Nadava a braçadas, mas foi-se fluída com a correnteza, sem brigar.
Já no sol escaldante, subiu às nuvens sem ser vista, leve e dançante. Lá de cima, sentiu tudo, viu o mundo. Virou asas de anjo em sete cores, prometendo um pote de ouro.
Desceu ao solo com as gotas da chuva, com o peso do granizo e a leveza do floco de neve. Retorna sempre de um jeito ou de outro.
Linda, sem gênero, era apenas forma e sofria metamorfoses todos os dias – com ela, todos os tipos de vida se desenvolviam.
Sem ela, seríamos grão.
Gostei bastante do seu microconto. O tema da metamorfose está bem claro nas mudanças de estado da água. Pelo menos eu imagino que seja sobre as mudanças de estado da água. A ambientação fantástica ficou muito legal. Eu pessoalmente gosto muito deste estilo. A personificação da molécula de água ficou bastante interessante.
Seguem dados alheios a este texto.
lemma log_ratio_integrable_and_integral_le:
  fixes p q :: "'b \<Rightarrow> real" and t :: real
  assumes "finite_measure \<nu>"
    and [measurable]: "p \<in> borel_measurable \<nu>" "q \<in> borel_measurable \<nu>"
    and nonneg: "\<And>y. 0 \<le> p y" "\<And>y. 0 \<le> q y" and p_pos: "AE y in \<nu>. 0 < p y"
    and \<rho>: "\<rho> = density \<nu> (\<lambda>y. ennreal (p y))" "prob_space \<rho>"
    and \<rho>': "\<rho>' = density \<nu> (\<lambda>y. ennreal (q y))" "prob_space \<rho>'"
    and ln_p_integrable: "integrable \<rho>' (\<lambda>y. ln (p y))"
    and bound: "\<And>g c. g \<in> borel_measurable \<nu> \<Longrightarrow> (\<And>y. \<bar>g y\<bar> \<le> c) \<Longrightarrow>
      (\<integral>y. g y \<partial>\<rho>') - ln (\<integral>y. exp (g y) \<partial>\<rho>) \<le> t"
  shows "integrable \<rho>' (\<lambda>y. ln (q y) - ln (p y))" "(\<integral>y. ln (q y) - ln (p y) \<partial>\<rho>') \<le> t"
proof -
  interpret \<rho>': prob_space \<rho>' by fact
  have sets_\<rho>'[measurable_cong]: "sets \<rho>' = sets \<nu>"
    unfolding \<rho>' by simp
  define u where "u y = ln (q y) - ln (p y)" for y
  have [measurable]: "u \<in> borel_measurable \<nu>"
    unfolding u_def by measurable
  have neg_part_integrable: "integrable \<rho>' (\<lambda>y. max 0 (- u y))"
    using integrable_neg_part_log_ratio[OF assms(1-3) nonneg(2) \<rho>'(1) ln_p_integrable] by (simp add: u_def)
  have truncations_bounded:
    "(\<integral>y. min (real m) (max 0 (u y)) \<partial>\<rho>') \<le> t + exp (- real m) + (\<integral>y. max 0 (- u y) \<partial>\<rho>')"
    for m
  proof -
    have "(\<integral>y. min (real m) (max 0 (u y)) \<partial>\<rho>') - (\<integral>y. max 0 (- u y) \<partial>\<rho>')
        = (\<integral>y. min (real m) (max 0 (u y)) - max 0 (- u y) \<partial>\<rho>')"
      using neg_part_integrable
      by (simp add: \<rho>'.integrable_const_bound[where B="real m"])
    also have "\<dots> \<le> (\<integral>y. trunc_log_ratio m (q y) (p y) \<partial>\<rho>')"
    proof (rule integral_mono_AE)
      show "AE y in \<rho>'. min (real m) (max 0 (u y)) - max 0 (- u y) \<le> trunc_log_ratio m (q y) (p y)"
        unfolding \<rho>' using AE_density[of "\<lambda>y. ennreal (q y)" \<nu>]
        by (simp add: u_def trunc_log_ratio_ge)
      show "integrable \<rho>' (\<lambda>y. trunc_log_ratio m (q y) (p y))"
        by (rule \<rho>'.integrable_const_bound[where B="real m"])
           (auto simp: abs_trunc_log_ratio_le trunc_log_ratio_def)
    qed (use neg_part_integrable in \<open>simp add: \<rho>'.integrable_const_bound[where B="real m"]\<close>)
    also have "\<dots> \<le> t + exp (- real m)"
      by (rule integral_trunc_log_ratio_le[OF _ _ nonneg p_pos \<rho> \<rho>' bound]) simp_all
    finally show ?thesis
      by simp
  qed
  have bounds_tendsto: "(\<lambda>m. t + exp (- real m) + (\<integral>y. max 0 (- u y) \<partial>\<rho>'))
      \<longlonglongrightarrow> t + 0 + (\<integral>y. max 0 (- u y) \<partial>\<rho>')"
    by (intro tendsto_intros filterlim_compose[OF exp_at_bot])
       (simp add: filterlim_uminus_at_bot filterlim_real_sequentially)
  have "u \<in> borel_measurable \<rho>'"
    by measurable
  from \<rho>'.integrable_max_0_of_bounded_truncations[OF this truncations_bounded bounds_tendsto]
  have pos_part: "integrable \<rho>' (\<lambda>y. max 0 (u y))"
    "(\<integral>y. max 0 (u y) \<partial>\<rho>') \<le> t + (\<integral>y. max 0 (- u y) \<partial>\<rho>')"
    by simp_all
  have u_split: "u = (\<lambda>y. max 0 (u y) - max 0 (- u y))"
    by (auto simp: fun_eq_iff)
  have "integrable \<rho>' u"
    by (subst u_split) (use pos_part neg_part_integrable in simp)
  moreover have "(\<integral>y. u y \<partial>\<rho>') \<le> t"
    by (subst u_split) (use pos_part neg_part_integrable in simp)
  ultimately show "integrable \<rho>' (\<lambda>y. ln (q y) - ln (p y))"
    "(\<integral>y. ln (q y) - ln (p y) \<partial>\<rho>') \<le> t"
    unfolding u_def by simp_all
qed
Só não entendi muito bem o final a alusão a que sem ela somos apenas grão não ficou muito clara esta ideia para mim, Mas isso não invalida a boa qualidade do microconto. Nadava a braçadas, mas foi-se fluída com a correnteza, sem brigar. Fora da lista. Janela Chrome: Trans-forma-ações (Miranda Magenta) | EntreContosNeste trecho precisa ser feita uma pequena correção. Ou você usa nadavam abraçadas, ou nadava abraçada.
Vou meter o bedelho no seu comentário, Leo: sobre o grão sem água, imagino que seja pelo fato de que sem ela, ele não germine. Logo nunca será árvore. Sobre nadar abraçada/abraçadas, creio que seria ‘ nadar à braçadas’. Faltou um acento ali.
Opa, vi que o correto é “a braçadas” mesmo. Então é isso. Embora “nadar de braçadas ” seja mais comum, acredito que ali foi um jogo poético bem sucedido.
Olá, Miranda!
Esse aqui me pegou de jeito logo na ideia: usar a água como metáfora pra identidade e mudança foi uma sacada brilhante.
O texto abraça o tema da metamorfose de um jeito natural, quase poético, e ainda consegue tocar em algo bem contemporâneo, que é a fluidez do gênero, sem soar panfletário.
A construção das imagens também funciona super bem: dá pra sentir o movimento, a transformação constante.
O problema vem no final — aquelas últimas frases quebram o ritmo delicado que o texto vinha mantendo. Se terminasse um ou dois períodos antes, teria fechado com mais força, deixando o leitor na maré certa de reflexão.
Ainda assim, é um conto bonito, leve e cheio de inteligência simbólica. Parabéns!
Poético e ao mesmo tempo, cheio de vida.